YOUR INSTRUCTIONS: Copy exactly, and only, the lines from the one containing "(simp add: L2_set_def)" through the last line of the records below.

Collected data
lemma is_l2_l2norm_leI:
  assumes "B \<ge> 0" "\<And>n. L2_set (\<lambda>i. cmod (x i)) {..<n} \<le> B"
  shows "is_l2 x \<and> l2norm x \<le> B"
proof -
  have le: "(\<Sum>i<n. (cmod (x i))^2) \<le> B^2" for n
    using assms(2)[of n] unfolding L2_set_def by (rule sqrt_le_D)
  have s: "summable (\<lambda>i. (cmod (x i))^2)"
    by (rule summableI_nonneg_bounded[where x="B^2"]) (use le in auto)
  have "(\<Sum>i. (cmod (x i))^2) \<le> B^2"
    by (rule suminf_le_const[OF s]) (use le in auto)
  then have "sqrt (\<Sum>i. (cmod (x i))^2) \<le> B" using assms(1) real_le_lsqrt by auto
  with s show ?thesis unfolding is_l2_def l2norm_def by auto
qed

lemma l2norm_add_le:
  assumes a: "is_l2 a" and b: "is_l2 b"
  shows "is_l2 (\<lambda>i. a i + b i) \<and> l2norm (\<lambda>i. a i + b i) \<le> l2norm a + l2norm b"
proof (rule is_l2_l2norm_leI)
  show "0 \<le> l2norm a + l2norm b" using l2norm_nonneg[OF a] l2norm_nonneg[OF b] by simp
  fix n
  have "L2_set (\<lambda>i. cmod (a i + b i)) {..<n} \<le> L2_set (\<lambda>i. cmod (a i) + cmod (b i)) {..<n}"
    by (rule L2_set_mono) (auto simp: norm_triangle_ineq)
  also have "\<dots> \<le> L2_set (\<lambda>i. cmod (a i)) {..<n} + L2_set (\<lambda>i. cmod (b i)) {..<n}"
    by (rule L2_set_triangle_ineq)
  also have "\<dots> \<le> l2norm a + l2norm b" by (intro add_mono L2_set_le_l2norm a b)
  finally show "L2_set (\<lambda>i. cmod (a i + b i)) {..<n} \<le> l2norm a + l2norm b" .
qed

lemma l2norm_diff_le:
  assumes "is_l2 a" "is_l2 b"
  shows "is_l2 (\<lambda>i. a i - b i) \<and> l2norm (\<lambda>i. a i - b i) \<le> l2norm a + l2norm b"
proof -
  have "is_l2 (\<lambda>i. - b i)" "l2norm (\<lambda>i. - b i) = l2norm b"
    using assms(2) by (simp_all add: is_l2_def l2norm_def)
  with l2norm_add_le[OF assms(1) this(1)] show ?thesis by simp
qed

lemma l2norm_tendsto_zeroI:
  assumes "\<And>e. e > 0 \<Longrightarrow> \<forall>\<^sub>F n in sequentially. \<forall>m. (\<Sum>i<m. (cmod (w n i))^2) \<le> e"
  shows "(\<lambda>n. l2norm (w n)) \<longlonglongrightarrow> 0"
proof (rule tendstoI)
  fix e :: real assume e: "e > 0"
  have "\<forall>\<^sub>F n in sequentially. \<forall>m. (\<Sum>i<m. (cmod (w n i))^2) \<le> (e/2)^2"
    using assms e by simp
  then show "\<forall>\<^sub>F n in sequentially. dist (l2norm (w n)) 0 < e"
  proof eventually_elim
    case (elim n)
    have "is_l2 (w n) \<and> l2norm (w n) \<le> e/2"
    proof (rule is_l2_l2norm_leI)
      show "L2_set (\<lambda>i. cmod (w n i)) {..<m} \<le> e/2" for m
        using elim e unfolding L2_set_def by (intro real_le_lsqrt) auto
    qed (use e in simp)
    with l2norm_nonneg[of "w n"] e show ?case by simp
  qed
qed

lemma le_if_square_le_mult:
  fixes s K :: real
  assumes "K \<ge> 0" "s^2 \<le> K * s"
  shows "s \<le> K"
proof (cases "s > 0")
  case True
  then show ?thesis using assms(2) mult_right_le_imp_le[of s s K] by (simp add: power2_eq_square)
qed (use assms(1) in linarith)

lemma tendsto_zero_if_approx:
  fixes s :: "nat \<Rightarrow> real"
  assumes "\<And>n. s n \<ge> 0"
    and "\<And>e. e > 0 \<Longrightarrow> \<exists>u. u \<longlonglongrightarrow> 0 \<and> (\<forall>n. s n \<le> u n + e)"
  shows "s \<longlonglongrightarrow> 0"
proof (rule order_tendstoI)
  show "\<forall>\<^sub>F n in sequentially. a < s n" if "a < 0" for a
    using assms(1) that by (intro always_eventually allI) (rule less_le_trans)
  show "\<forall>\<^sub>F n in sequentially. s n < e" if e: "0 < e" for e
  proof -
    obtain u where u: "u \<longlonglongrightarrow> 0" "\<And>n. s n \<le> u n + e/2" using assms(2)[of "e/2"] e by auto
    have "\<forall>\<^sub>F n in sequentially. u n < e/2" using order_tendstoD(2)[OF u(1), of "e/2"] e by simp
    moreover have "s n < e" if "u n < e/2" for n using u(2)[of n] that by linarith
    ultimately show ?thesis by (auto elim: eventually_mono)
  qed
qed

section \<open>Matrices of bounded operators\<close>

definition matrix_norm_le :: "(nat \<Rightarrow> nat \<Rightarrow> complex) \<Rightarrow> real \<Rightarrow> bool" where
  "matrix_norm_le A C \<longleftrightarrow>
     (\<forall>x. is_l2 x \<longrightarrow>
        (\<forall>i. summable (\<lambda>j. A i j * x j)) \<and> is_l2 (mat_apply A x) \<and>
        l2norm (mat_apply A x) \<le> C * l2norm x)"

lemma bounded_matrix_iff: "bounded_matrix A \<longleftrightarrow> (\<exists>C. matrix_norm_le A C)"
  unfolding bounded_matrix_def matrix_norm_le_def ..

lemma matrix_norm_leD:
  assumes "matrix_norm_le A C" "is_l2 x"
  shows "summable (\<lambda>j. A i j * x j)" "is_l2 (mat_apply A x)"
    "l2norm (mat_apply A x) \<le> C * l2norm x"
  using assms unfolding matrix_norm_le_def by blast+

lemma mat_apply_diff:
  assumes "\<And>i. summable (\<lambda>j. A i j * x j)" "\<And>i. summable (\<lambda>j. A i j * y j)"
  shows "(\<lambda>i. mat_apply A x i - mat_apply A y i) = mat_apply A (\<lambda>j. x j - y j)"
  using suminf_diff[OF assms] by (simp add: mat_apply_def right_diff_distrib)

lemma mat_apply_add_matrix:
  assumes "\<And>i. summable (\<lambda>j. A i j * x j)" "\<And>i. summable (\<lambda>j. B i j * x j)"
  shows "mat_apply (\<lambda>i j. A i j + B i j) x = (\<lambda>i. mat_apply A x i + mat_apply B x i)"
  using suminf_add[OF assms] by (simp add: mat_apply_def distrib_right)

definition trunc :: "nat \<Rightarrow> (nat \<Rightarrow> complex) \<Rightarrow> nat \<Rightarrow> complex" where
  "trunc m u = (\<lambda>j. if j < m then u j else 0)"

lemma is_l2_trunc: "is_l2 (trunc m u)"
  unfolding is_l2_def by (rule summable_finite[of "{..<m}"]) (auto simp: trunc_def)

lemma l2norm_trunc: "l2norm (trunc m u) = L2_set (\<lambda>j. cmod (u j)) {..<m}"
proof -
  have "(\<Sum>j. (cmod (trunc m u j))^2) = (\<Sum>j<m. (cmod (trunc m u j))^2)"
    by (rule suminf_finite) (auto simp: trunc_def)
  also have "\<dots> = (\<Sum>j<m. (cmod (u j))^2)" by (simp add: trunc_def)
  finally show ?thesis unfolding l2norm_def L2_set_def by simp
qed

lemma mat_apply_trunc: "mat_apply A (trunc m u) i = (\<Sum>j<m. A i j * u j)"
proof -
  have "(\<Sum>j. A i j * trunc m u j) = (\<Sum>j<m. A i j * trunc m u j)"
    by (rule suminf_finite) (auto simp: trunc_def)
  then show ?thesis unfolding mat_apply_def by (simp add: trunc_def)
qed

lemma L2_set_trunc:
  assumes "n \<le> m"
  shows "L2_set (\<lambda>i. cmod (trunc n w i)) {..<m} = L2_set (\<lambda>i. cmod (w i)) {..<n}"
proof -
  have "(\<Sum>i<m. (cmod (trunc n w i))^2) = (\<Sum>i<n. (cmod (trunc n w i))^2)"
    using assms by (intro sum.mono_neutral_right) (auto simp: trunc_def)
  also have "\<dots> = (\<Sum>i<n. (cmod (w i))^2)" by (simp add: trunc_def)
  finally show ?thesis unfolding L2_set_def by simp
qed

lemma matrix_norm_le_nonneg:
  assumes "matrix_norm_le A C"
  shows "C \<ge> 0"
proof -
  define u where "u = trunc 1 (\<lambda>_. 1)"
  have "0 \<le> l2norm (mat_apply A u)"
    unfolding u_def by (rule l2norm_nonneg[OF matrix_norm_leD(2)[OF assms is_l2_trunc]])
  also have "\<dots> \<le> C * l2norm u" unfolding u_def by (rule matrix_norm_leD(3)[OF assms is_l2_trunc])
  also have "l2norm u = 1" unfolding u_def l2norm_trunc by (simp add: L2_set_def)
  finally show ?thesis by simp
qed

RESPONSE BOX:
  also have "l2norm u = 1" unfolding u_def l2norm_trunc by (simp add: L2_set_def)
  finally show ?thesis by simp
qed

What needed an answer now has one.